I’m not sure how any of that is supposed to make me want to visit Miami. 


“SoBe (South Beach). . . is where the trendy, tanned, sexy, rich, and young play to excess. By day, supermodels preen in the surf and sand, the fashionistas and glitterati cruise the boulevard on shiny Harleys and in top-down convertibles, while the common folk stroll and gawk. By night, the SoBe crowd, believing that too much of a good thing is wonderful, has raised hedonistic celeb-studded clubbing to an art form. Put your sexy on and get naughty at top clubs like Mansion, Cameo, the Delano, or B.E.D., where you may catch a glimpse of Beyonce Knowles and You-Know-Who snuggling in the corner.”

- Fodor’s Miami and Miami Beach

Fodor’s thinks Beyonce dates Voldemort? That’s just weird.

Even if she does, you’re not going to see it. You might see Cat Power or that dude who produced Cocaine Cowboys, but you’re not seeing Beyonce. Sorry.


“The following is a good, but by no means comprehensive, list of typical (or atypical, rather) South Florida cuisine:
  • Cuban Sandwiches (also known as medianoche, translation: “at midnight”): some say they were originated in Miami, others say Tampa, but wherever it was, it’s a delicious combo of ham, roasted pork, Swiss, pickles, mustard, and, depending on where you are, sometimes salami on crispy, crusty, toasted “Cuban bread,” whose origin is still questionable.
  • Grouper Sandwiches: Or pretty much any fish (snapper, mahimahi, pompano, and so on) sandwich, though grouper is the Ryan Seacrest of Florida fish, appearing on many menus in many incarnations, from grilled and fried to blackened or jerked.”

- Frommer’s South Florida, with the best of Miami and the Keys

I find it hard to believe the Cuban might have originated in Ybor City, but I’m a halfbreed Mohawk from central New York, so what do I know.

Note, this list concludes with Mango Salsa, Conch Fritters, Key Lime Pie, and Hearts of Palm Salad. This is a decent group, but why did Frommer’s limit themselves to six offerings? Skirt steak – soaked in mojo, Argentinean grilled, vaca frita, ropa vieja – seems like a glaring admission. And Jesus, the pastries. Not everyone loves guava, but who can’t get behind croquetas? And not mentioning cafecito (translation: “Life Blood of All That is Good”) is a hanging offense.

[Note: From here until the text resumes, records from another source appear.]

lemma transfer_hom_lifts_divisors:
  assumes "monoid B" and \<theta>: "transfer_hom H B \<theta>" and \<psi>: "lifts_divisors B P \<psi>"
  shows "lifts_divisors H P (\<psi> \<circ> \<theta>)"
proof -
  interpret B: monoid B by (rule assms(1))
  have \<theta>_hom: "\<theta> \<in> mon_hom H B"
    and \<theta>_Units: "\<And>u. u \<in> carrier H \<Longrightarrow> \<theta> u \<in> Units B \<Longrightarrow> u \<in> Units H"
    and \<theta>_split: "\<And>u b c. u \<in> carrier H \<Longrightarrow> b \<in> carrier B \<Longrightarrow> c \<in> carrier B \<Longrightarrow>
      \<theta> u = b \<otimes>\<^bsub>B\<^esub> c \<Longrightarrow> \<exists>v\<in>carrier H. \<exists>w\<in>carrier H. u = v \<otimes>\<^bsub>H\<^esub> w
        \<and> unit_coset B (\<theta> v) = unit_coset B b \<and> unit_coset B (\<theta> w) = unit_coset B c"
    using \<theta> unfolding transfer_hom_def by blast+
  have \<psi>_hom: "\<psi> \<in> mon_hom B (free_ab_monoid P)"
    and \<psi>_Units: "\<And>x. x \<in> carrier B \<Longrightarrow> \<psi> x = {#} \<Longrightarrow> x \<in> Units B"
    and \<psi>_lift: "\<And>a b. a \<in> carrier B \<Longrightarrow> b \<in> carrier B \<Longrightarrow> \<psi> a \<subseteq># \<psi> b \<Longrightarrow>
      \<exists>v\<in>carrier B. \<exists>w\<in>carrier B. b = v \<otimes>\<^bsub>B\<^esub> w \<and> \<psi> v = \<psi> a"
    using \<psi> unfolding lifts_divisors_def by blast+
  have \<theta>_closed: "\<theta> u \<in> carrier B" if "u \<in> carrier H" for u
    using \<theta>_hom that by (auto simp: mon_hom_def)
  have "\<psi> \<circ> \<theta> \<in> mon_hom H (free_ab_monoid P)"
    using \<theta>_hom \<psi>_hom by (auto simp: mon_hom_def Pi_iff)
  moreover have "u \<in> Units H" if "u \<in> carrier H" "(\<psi> \<circ> \<theta>) u = {#}" for u
    using that \<theta>_closed \<psi>_Units \<theta>_Units by simp
  moreover have "\<exists>v\<in>carrier H. \<exists>w\<in>carrier H. b = v \<otimes>\<^bsub>H\<^esub> w \<and> (\<psi> \<circ> \<theta>) v = (\<psi> \<circ> \<theta>) a"
    if a: "a \<in> carrier H" and b: "b \<in> carrier H" and sub: "(\<psi> \<circ> \<theta>) a \<subseteq># (\<psi> \<circ> \<theta>) b" for a b
  proof -
    obtain v' w' where v': "v' \<in> carrier B" and w': "w' \<in> carrier B"
      and split': "\<theta> b = v' \<otimes>\<^bsub>B\<^esub> w'" and \<psi>v': "\<psi> v' = \<psi> (\<theta> a)"
      using \<psi>_lift[OF \<theta>_closed[OF a] \<theta>_closed[OF b]] sub by auto
    obtain v w where v: "v \<in> carrier H" and w: "w \<in> carrier H" and "b = v \<otimes>\<^bsub>H\<^esub> w"
      and "unit_coset B (\<theta> v) = unit_coset B v'"
      using \<theta>_split[OF b v' w' split'] by blast
    then have "\<psi> v' = \<psi> (\<theta> v)"
      using B.mon_hom_free_ab_monoid_unit_coset_eq[OF \<psi>_hom \<theta>_closed[OF v] v'] by simp
    then show ?thesis using v w \<open>b = v \<otimes>\<^bsub>H\<^esub> w\<close> \<psi>v' by auto
  qed
  ultimately show ?thesis unfolding lifts_divisors_def by blast
qed

lemma (in comm_monoid) lifts_divisors_power_split:
  assumes \<Phi>: "lifts_divisors G P \<Phi>"
    and carr: "a \<in> carrier G" "b \<in> carrier G" "c \<in> carrier G"
    and pow: "b [^] (n::nat) = a [^] n \<otimes> c" and "0 < n"
    and nonunits: "a \<notin> Units G" "c \<notin> Units G"
  shows "\<exists>v\<in>carrier G. \<exists>w\<in>carrier G. b = v \<otimes> w \<and> v \<notin> Units G \<and> w \<notin> Units G"
proof -
  have hom: "\<Phi> \<in> mon_hom G (free_ab_monoid P)"
    and \<Phi>_Units: "\<And>u. u \<in> carrier G \<Longrightarrow> \<Phi> u = {#} \<Longrightarrow> u \<in> Units G"
    and lift: "\<And>a b. a \<in> carrier G \<Longrightarrow> b \<in> carrier G \<Longrightarrow> \<Phi> a \<subseteq># \<Phi> b \<Longrightarrow>
      \<exists>v\<in>carrier G. \<exists>w\<in>carrier G. b = v \<otimes> w \<and> \<Phi> v = \<Phi> a"
    using \<Phi> unfolding lifts_divisors_def by blast+
  note \<Phi>_simps = mon_hom_free_ab_monoidD[OF hom]
  have pow_eq: "repeat_mset n (\<Phi> b) = repeat_mset n (\<Phi> a) + \<Phi> c"
    using arg_cong[OF pow, of \<Phi>] carr
    by (simp add: \<Phi>_simps mon_hom_free_ab_monoid_nat_pow[OF hom])
  then have "\<Phi> a \<subseteq># \<Phi> b" using \<open>0 < n\<close> by (rule subseteq_mset_if_repeat_mset_eq)
  then obtain v w where v: "v \<in> carrier G" and w: "w \<in> carrier G" and "b = v \<otimes> w"
    and \<Phi>v: "\<Phi> v = \<Phi> a"
    using lift carr by blast
  have "v \<notin> Units G"
    using \<Phi>v mon_hom_free_ab_monoid_Units[OF hom] \<Phi>_Units carr(1) nonunits(1) by metis
  moreover have "w \<notin> Units G"
  proof
    assume "w \<in> Units G"
    then have "\<Phi> b = \<Phi> a"
      using \<open>b = v \<otimes> w\<close> \<Phi>v v w \<Phi>_simps(2) mon_hom_free_ab_monoid_Units[OF hom] by simp
    then have "\<Phi> c = {#}" using pow_eq by simp
    then show False using \<Phi>_Units carr(3) nonunits(2) by blast
  qed
  ultimately show ?thesis using v w \<open>b = v \<otimes> w\<close> by blast
qed

lemma transfer_hom_id:
  fixes H (structure)
  assumes "monoid H"
  shows "transfer_hom H H (\<lambda>x. x)"
proof -
  interpret monoid H by (rule assms)
  have "carrier H = {u \<otimes> e | u e. u \<in> carrier H \<and> e \<in> Units H}"
    by (auto simp: Units_closed) (metis Units_one_closed r_one)
  then show ?thesis
    unfolding transfer_hom_def mon_hom_def Units_def by auto
qed

lemma transfer_Krull_if_Krull_monoid:
  fixes H :: "'a monoid"
  assumes "Krull_monoid H TYPE('p)"
  shows "transfer_Krull H TYPE('a) TYPE('p)"
proof -
  have "monoid H"
    using assms by (simp add: Krull_monoid_def comm_monoid_cancel_def monoid_cancel_def)
  then show ?thesis
    unfolding transfer_Krull_def using assms transfer_hom_id by blast
qed

lemma lifts_divisors_if_transfer_Krull:
  assumes "transfer_Krull H TYPE('b) TYPE('q)"
  obtains P :: "'q set" and \<Phi> where "lifts_divisors H P \<Phi>"
proof -
  obtain B :: "'b monoid" and \<theta> and P :: "'q set" and \<psi>
    where B: "comm_monoid_cancel B" and \<theta>: "transfer_hom H B \<theta>"
      and \<psi>: "divisor_hom B (free_ab_monoid P) \<psi>"
    using assms unfolding transfer_Krull_def Krull_monoid_def by blast
  interpret B: comm_monoid_cancel B by (rule B)
  have "lifts_divisors B P \<psi>" using \<psi> by (rule B.divisor_hom_lifts_divisors)
  then show ?thesis using that transfer_hom_lifts_divisors[OF B.monoid_axioms \<theta>] by blast
qed

definition list_prod :: "('a, 'b) monoid_scheme \<Rightarrow> 'a list \<Rightarrow> 'a" where
  "list_prod G xs = foldr (\<lambda>x y. x \<otimes>\<^bsub>G\<^esub> y) xs \<one>\<^bsub>G\<^esub>"

lemma list_prod_simps [simp]:
  "list_prod G [] = \<one>\<^bsub>G\<^esub>" "list_prod G (x # xs) = x \<otimes>\<^bsub>G\<^esub> list_prod G xs"
  by (simp_all add: list_prod_def)

lemma (in monoid) list_prod_closed: "set xs \<subseteq> carrier G \<Longrightarrow> list_prod G xs \<in> carrier G"
  by (induction xs) auto

lemma (in monoid) list_prod_append:
  "set xs \<subseteq> carrier G \<Longrightarrow> set ys \<subseteq> carrier G \<Longrightarrow>
    list_prod G (xs @ ys) = list_prod G xs \<otimes> list_prod G ys"
  by (induction xs) (auto simp: list_prod_closed m_assoc)

lemma (in monoid) list_prod_replicate: "x \<in> carrier G \<Longrightarrow> list_prod G (replicate n x) = x [^] n"
  by (induction n) (simp_all add: nat_pow_Suc2[symmetric])

lemma (in comm_monoid) list_prod_mset_eq:
  "mset xs = mset ys \<Longrightarrow> set xs \<subseteq> carrier G \<Longrightarrow> list_prod G xs = list_prod G ys"
proof (induction xs arbitrary: ys)
  case (Cons x xs)
  then have "x \<in> set ys" by (metis list.set_intros(1) set_mset_mset)
  then obtain ys1 ys2 where ys: "ys = ys1 @ x # ys2" by (meson split_list)
  have carr: "set ys \<subseteq> carrier G" using Cons.prems by (metis set_mset_mset)
  have "list_prod G ys = x \<otimes> list_prod G (ys1 @ ys2)"
    using carr by (simp add: ys list_prod_append list_prod_closed m_lcomm)
  moreover have "list_prod G xs = list_prod G (ys1 @ ys2)" using Cons ys by simp
  ultimately show ?case by simp
qed simp
lemma sum_lessThan_mult:
  fixes f :: "nat \<Rightarrow> 'a::comm_monoid_add"
  shows "(\<Sum>j<n * k. f j) = (\<Sum>i<n. \<Sum>r<k. f (i * k + r))"
proof -
  have "sum f {i * k..<i * k + k} = (\<Sum>r<k. f (i * k + r))" for i
    using sum.shift_bounds_nat_ivl[of f 0 "i * k" k] by (simp add: atLeast0LessThan add.commute)
  then show ?thesis
    by (simp flip: sum.nat_group)
qed

definition sawtooth_knot :: "nat \<Rightarrow> nat \<Rightarrow> real" where
  "sawtooth_knot n j = (2 * real j - 1) / (2 * real n)"

lemma mono_sawtooth_knot: "mono (sawtooth_knot n)"
  by (rule monoI) (simp add: sawtooth_knot_def divide_right_mono)

lemma abs_sawtooth_knot_le_1: "1 \<le> j \<Longrightarrow> j \<le> n \<Longrightarrow> \<bar>sawtooth_knot n j\<bar> \<le> 1"
  by (simp add: sawtooth_knot_def abs_div_pos divide_le_eq_1)

lemma sawtooth_via_knots:
  "sawtooth n t = - 2 * real n * relu (t + 1) + 2 * real n * relu (t - 1)
     + 4 * real n * ((\<Sum>j\<in>{1..n}. (-1) ^ (j + (n + 1)) * relu (t - sawtooth_knot n j))
                   + (\<Sum>j\<in>{1..n}. (-1) ^ (j + n) * relu (t - - sawtooth_knot n j)))"
  unfolding sawtooth_def sawtooth_knot_def sum.distrib by (simp add: add.assoc)

lemma sawtooth_lipschitz: "\<bar>sawtooth n t - sawtooth n s\<bar> \<le> 12 * real n * \<bar>t - s\<bar>"
proof -
  have "mono (\<lambda>j. - sawtooth_knot n j) \<or> antimono (\<lambda>j. - sawtooth_knot n j)"
    using mono_sawtooth_knot[of n] by (auto simp: mono_def antimono_def)
  note knots =
    alternating_relu_sum_lipschitz[OF disjI1[OF mono_sawtooth_knot[of n]], where n=n and p="n + 1" and t=t and s=s]
    alternating_relu_sum_lipschitz[OF this, where n=n and p=n and t=t and s=s]
  have ends: "\<bar>relu (t + c) - relu (s + c)\<bar> \<le> \<bar>t - s\<bar>" for c
    using abs_relu_diff_le[of "t + c" "s + c"] by simp
  have scaled: "\<bar>c * x\<bar> \<le> c * \<bar>t - s\<bar>" if "\<bar>x\<bar> \<le> \<bar>t - s\<bar>" "0 \<le> c" for c x
    using that by (simp add: abs_mult mult_left_mono)
  define A where "A r = (\<Sum>j\<in>{1..n}. (-1) ^ (j + (n + 1)) * relu (r - sawtooth_knot n j))" for r
  define B where "B r = (\<Sum>j\<in>{1..n}. (-1) ^ (j + n) * relu (r - - sawtooth_knot n j))" for r
  have eq: "sawtooth n t - sawtooth n s = - (2 * real n * (relu (t + 1) - relu (s + 1)))
      + 2 * real n * (relu (t + -1) - relu (s + -1)) + 4 * real n * (A t - A s) + 4 * real n * (B t - B s)"
    unfolding sawtooth_via_knots A_def[symmetric] B_def[symmetric] by (simp add: algebra_simps)
  have n2: "0 \<le> 2 * real n" and n4: "0 \<le> 4 * real n"
    by simp_all
  show ?thesis
    using eq scaled[OF ends[of 1] n2] scaled[OF ends[of "-1"] n2]
      scaled[OF knots(1)[folded A_def] n4] scaled[OF knots(2)[folded B_def] n4]
    unfolding abs_le_iff by linarith
qed

definition sawtooth_breakpoint :: "nat \<Rightarrow> nat \<Rightarrow> real" where
  "sawtooth_breakpoint n m =
     (if m < 2 * n then (-1) ^ m * sawtooth_knot n (m div 2 + 1) else if m = 2 * n then -1 else 1)"

definition sawtooth_coeff :: "nat \<Rightarrow> nat \<Rightarrow> real" where
  "sawtooth_coeff n m =
     (if m < 2 * n then (-1) ^ m * 4 * real n * (-1) ^ (m div 2 + n)
      else if m = 2 * n then - 2 * real n else 2 * real n)"

lemma sawtooth_eq_relu_sum:
  "sawtooth n t = (\<Sum>m<2 * n + 2. sawtooth_coeff n m * relu (t - sawtooth_breakpoint n m))"
proof -
  define F where "F m = sawtooth_coeff n m * relu (t - sawtooth_breakpoint n m)" for m
  have pairs: "(\<Sum>m<n * 2. F m) = (\<Sum>j<n. F (j * 2) + F (j * 2 + 1))"
    by (simp only: sum_lessThan_mult) (simp add: numeral_2_eq_2)
  have "(\<Sum>j<n. F (j * 2) + F (j * 2 + 1))
      = 4 * real n * ((\<Sum>j<n. (-1) ^ (Suc j + (n + 1)) * relu (t - sawtooth_knot n (Suc j)))
                    + (\<Sum>j<n. (-1) ^ (Suc j + n) * relu (t - - sawtooth_knot n (Suc j))))"
    by (simp add: F_def sawtooth_coeff_def sawtooth_breakpoint_def sum_distrib_left
        sum.distrib[symmetric] algebra_simps)
  also have "\<dots> = 4 * real n * ((\<Sum>j\<in>{1..n}. (-1) ^ (j + (n + 1)) * relu (t - sawtooth_knot n j))
                    + (\<Sum>j\<in>{1..n}. (-1) ^ (j + n) * relu (t - - sawtooth_knot n j)))"
    by (simp only: sum.atLeast1_atMost_eq One_nat_def)
  finally have "(\<Sum>m<2 * n + 2. F m) = F (2 * n) + F (2 * n + 1) + \<dots>"
    using pairs by (simp add: mult.commute)
  then show ?thesis
    unfolding sawtooth_via_knots F_def
    by (simp add: sawtooth_coeff_def sawtooth_breakpoint_def algebra_simps)
qed

lemma abs_sawtooth_breakpoint_le_1: "\<bar>sawtooth_breakpoint n m\<bar> \<le> 1"
  by (auto simp: sawtooth_breakpoint_def abs_mult intro: abs_sawtooth_knot_le_1)

lemma abs_sawtooth_coeff_le: "\<bar>sawtooth_coeff n m\<bar> \<le> 4 * real n"
  by (simp add: sawtooth_coeff_def abs_mult)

“Cuban bread” of questionable origins sounds fucking delicious. Ryan Seacrest does not.


“The days of cocaine-inspired gang warfare and shoot-outs are long gone. In the words of actor and rapper Will Smith, ‘Welcome to Miami’ – the place he calls his second home. Why does Will have such affection for Miami? Hookers. [Just kidding! -AJC] The answer is that the city is the party capital of the United States, and is filled with the most eclectic mix of people outside of New York. . . “If it’s nightclubs, beautiful people, fast cars, big boats and huge egos you are after, you have come to right place.”

- Hedonist’s Guide to Miami

Another description which manages to make Miami sound simultaneously awesome and like douchebag central.

Every guide I read compares Miami to New York City. The DK Eyewitness guide even claimed SoBe is named “after New York’s hip SoHo district” because “the mood veers between the chic and the bohemian.” I have no idea if this is a travel guide thing – if every city gets compared to the Big Apple because to the publishers who live there it’s the only city – or if most folks think of Miami as New York City’s baby brother.


“If South Beach is your glamorous high school crush all decked out in next year’s hot fashions and partying until breakfast, Miami Beach is your grandparents.”Moon Florida
“Miami needs no excuse to party: from the traditional to the tacky, the city is fast on its feet when it comes to celebrations.”Time Out Miami
“Here in Miami, the Everglades and the Keys, things are a little Alice in Sweaty Wonderland.”Lonely Planet (this time off their website)

Actually, “Alice in Sweaty Wonderland” I like. In Miami you’ll see things you just can’t classify, and we’re all mad. But whether these travel guides are accurate, they’re only presenting one side of our story. To borrow from Whitman, Miami is large, and we contain multitudes.

We do so much more than party; we’re just exceptionally skilled at it.